Don┤t forget the ST: high monochrome resolution (640x400) and even lower price than Amiga. Far better suited for low cost office.


Yet the ST also failed at business. I believe a big part of the problem was reputation. CBM had an improper loan investigation saving it from bankruptcy and leading to the rise of Irving Gould to power, it was incorporated in the Bahamas and Jack Tramiel had developed a poor reputation with resellers, distributors, suppliers, etc. Jack took the bad reputation with him to Atari. His attempt to buy the Amiga Corporation hardware is a good example of his negotiating tactics where he lowered the offer when negotiating. Irving Gould was domineering and corrupt kicking out good people he couldn't control, paying high salaries at the top and using the corporate jet for personal use. CBM changing management and goals often and having no cohesive business plan was also viewed as unprofessional. If IBM, HP, TI or Apple had bought out Amiga Corporation instead of CBM then the Amiga would have been viewed as a more professional platform for business.

Like CBM but on a much smaller scale, Hyperion has a very poor reputation. It will be difficult for them to continue as an Amiga business even if they survive the lawsuits. Anyone in the Amiga community who deals with Hyperion knows to expect shenanigans. Either Ben will have to give up power or they will become more and more isolated until they are replaced.

Nonefornow Quote:

And let's not forget that Commodore was also trying to push the XT and AT bridgeboards.

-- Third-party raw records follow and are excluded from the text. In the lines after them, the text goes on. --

lemma pronic_bracket_bounds:
  fixes a d t m :: nat
  assumes "d < t" "t * d < (a + d - 1) * (a + d)"
    and "m * (m + 1) \<le> t * d" "t * d < (m + 1) * (m + 2)"
  shows "d \<le> m" "m + 2 \<le> a + d"
proof -
  show "d \<le> m"
  proof (rule ccontr)
    assume "\<not> d \<le> m"
    then have "(m + 1) * (m + 2) \<le> d * (d + 1)"
      by (intro mult_le_mono) auto
    also have "\<dots> \<le> d * t"
      using assms(1) by (intro mult_le_mono2) linarith
    finally show False
      using assms(4) by (simp add: mult.commute)
  qed
  show "m + 2 \<le> a + d"
  proof (rule ccontr)
    assume "\<not> m + 2 \<le> a + d"
    then have "(a + d - 1) * (a + d) \<le> m * (m + 1)"
      by (intro mult_le_mono) auto
    then show False
      using assms(2,3) by linarith
  qed
qed

lemma min_mult_le_if_square_gt:
  fixes a d t u :: nat
  assumes "a + d < a * a" "2 * a + d \<le> t" "t * d + 1 \<le> (u + d) * (u + d + 1)"
  shows "min a d * (2 * d + 1 - min a d) \<le> u * (u + 2 * d + 1)"
proof (cases "a \<le> d")
  case True
  have "(2 * a + d) * d \<le> t * d"
    using assms(2) by (rule mult_le_mono1)
  moreover have "a * (2 * d + 1 - a) + a * a = a * (2 * d + 1)"
  proof -
    have "(2 * d + 1 - a) + a = 2 * d + 1"
      using True by simp
    then show ?thesis
      by (metis distrib_left)
  qed
  ultimately show ?thesis
    using True assms(1,3) by (simp add: algebra_simps)
next
  case False
  have "(3 * d + 2) * d \<le> t * d"
    using assms(2) False by (intro mult_le_mono1) linarith
  then show ?thesis
    using False assms(3) by (simp add: algebra_simps)
qed

lemma stable_params_if_square_gt:
  assumes "2 \<le> a" "1 \<le> d" "a + d < a * a"
    and "2 * a + d \<le> t" "t * d < (a + d - 1) * (a + d)"
    and "m * (m + 1) \<le> t * d" "t * d < (m + 1) * (m + 2)"
  shows "stable_params a d m t"
proof -
  have "d \<le> m" "m + 2 \<le> a + d"
    using pronic_bracket_bounds[of d t a m] assms by auto
  define u where "u = m + 1 - d"
  have mu: "m + 1 = u + d"
    unfolding u_def using \<open>d \<le> m\<close> by simp
  have "(m + 1) * (m + 2) = (u + d) * (u + d + 1)"
    by (simp add: mu[symmetric])
  then have bracket: "t * d + 1 \<le> (u + d) * (u + d + 1)"
    using assms(7) by linarith
  have "a * (m + 1) \<le> t * (m + 1 - d)"
  proof -
    have "u + d + 1 + a \<le> t"
      using \<open>m + 2 \<le> a + d\<close> mu assms(4) by linarith
    then have "(u + d + 1 + a) * (u + d) \<le> t * (u + d)"
      by (rule mult_le_mono1)
    then have "a * (u + d) \<le> t * u"
      using bracket by (simp add: algebra_simps)
    then show ?thesis
      unfolding mu u_def[symmetric] by simp
  qed
  show ?thesis
  proof
    show "t * (d + of_bool (m + 1 = a + d)) \<le> (m + 1) * (m + 2)"
      using \<open>m + 2 \<le> a + d\<close> assms(7) by simp
    show "min a d * (2 * d + 1 - min a d) \<le> (m + 1 - d) * (m + d + 2)"
      using min_mult_le_if_square_gt[OF assms(3,4) bracket] mu unfolding u_def by (simp add: algebra_simps)
  qed (use assms \<open>d \<le> m\<close> \<open>m + 2 \<le> a + d\<close> \<open>a * (m + 1) \<le> t * (m + 1 - d)\<close> in auto)
qed

lemma exists_stable_params:
  assumes "2 \<le> a" "1 \<le> d"
  shows "\<exists>m t. stable_params a d m t \<and> t \<le> 2 * (a + d)"
proof (cases "a * a \<le> a + d")
  case True
  then show ?thesis
    using stable_params_if_square_le[OF assms True] by fastforce
next
  case False
  txt \<open>Take \<open>t \<le> 2 h\<close> as large as possible with \<open>t d < (h - 1) h\<close>, and \<open>m\<close> with
    \<open>m (m + 1) \<le> t d < (m + 1) (m + 2)\<close>: these two inequalities are exactly the
    conditions for the small players.\<close>
  define X where "X = (a + d - 1) * (a + d) - 1"
  define t where "t = min (2 * (a + d)) (X div d)"
  have "(2 * a + d) * d \<le> X"
    using False assms unfolding X_def by (simp add: algebra_simps)
  then have "2 * a + d \<le> t"
    using assms unfolding t_def by (simp add: less_eq_div_iff_mult_less_eq)
  moreover have "t * d < (a + d - 1) * (a + d)"
  proof -
    have "t * d \<le> X"
      unfolding t_def by (meson min.cobounded2 div_times_less_eq_dividend le_trans mult_le_mono1)
    moreover have "1 \<le> (a + d - 1) * (a + d)"
      using assms by simp
    ultimately show ?thesis
      unfolding X_def by linarith
  qed
  moreover obtain m where "m * (m + 1) \<le> t * d" "t * d < (m + 1) * (m + 2)"
    using exists_pronic_bracket by blast
  ultimately have "stable_params a d m t"
    using False assms by (intro stable_params_if_square_gt) auto
  moreover have "t \<le> 2 * (a + d)"
    unfolding t_def by simp
  ultimately show ?thesis
    by blast
qed

section \<open>Construction of the partition and the bound on the optimum\<close>

lemma partition_on_Un:
  assumes "partition_on A P" "partition_on B Q" "A \<inter> B = {}"
  shows "partition_on (A \<union> B) (P \<union> Q)"
proof (rule partition_onI)
  show "\<Union>(P \<union> Q) = A \<union> B"
    using partition_onD1[OF assms(1)] partition_onD1[OF assms(2)] by simp
  show "{} \<notin> P \<union> Q"
    using partition_onD3[OF assms(1)] partition_onD3[OF assms(2)] by simp
  fix p q assume pq: "p \<in> P \<union> Q" "q \<in> P \<union> Q" "p \<noteq> q"
  have sub: "S \<subseteq> A" if "S \<in> P" for S
    using that partition_onD1[OF assms(1)] by blast
  have sub': "S \<subseteq> B" if "S \<in> Q" for S
    using that partition_onD1[OF assms(2)] by blast
  from pq consider "p \<in> P" "q \<in> P" | "p \<in> Q" "q \<in> Q" | "p \<in> P" "q \<in> Q" | "p \<in> Q" "q \<in> P"
    by blast
  then show "disjnt p q"
  proof cases
    case 1
    then show ?thesis
      using disjointD[OF partition_onD2[OF assms(1)]] pq(3) by (simp add: disjnt_def)
  next
    case 2
    then show ?thesis
      using disjointD[OF partition_onD2[OF assms(2)]] pq(3) by (simp add: disjnt_def)
  next
    case 3
    then show ?thesis
      using sub sub' assms(3) by (fastforce simp: disjnt_def)
  next
    case 4
    then show ?thesis
      using sub sub' assms(3) by (fastforce simp: disjnt_def)
  qed
qed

The A500 was underpowered to use any real software applications, and for the A2000 those bridgeboards were offering IBM compatibility.

As such there was very little incentive to port DOS software to the Amiga.


Resources were wasted developing the bridgeboards and even the high end Amiga 2000 hardware was wasted to support the bridgeboards instead of making a better high end Amiga. Instead of the large Amiga 2000 with many passive IDE slots, the high end Amiga could have added a 68020, fast memory and an enhanced Amiga chipset like Ranger with, for example, VRAM supporting more performance and higher resolutions for business. A 68020 likely could have emulated an IBM PC and perhaps even XT in software at full speed.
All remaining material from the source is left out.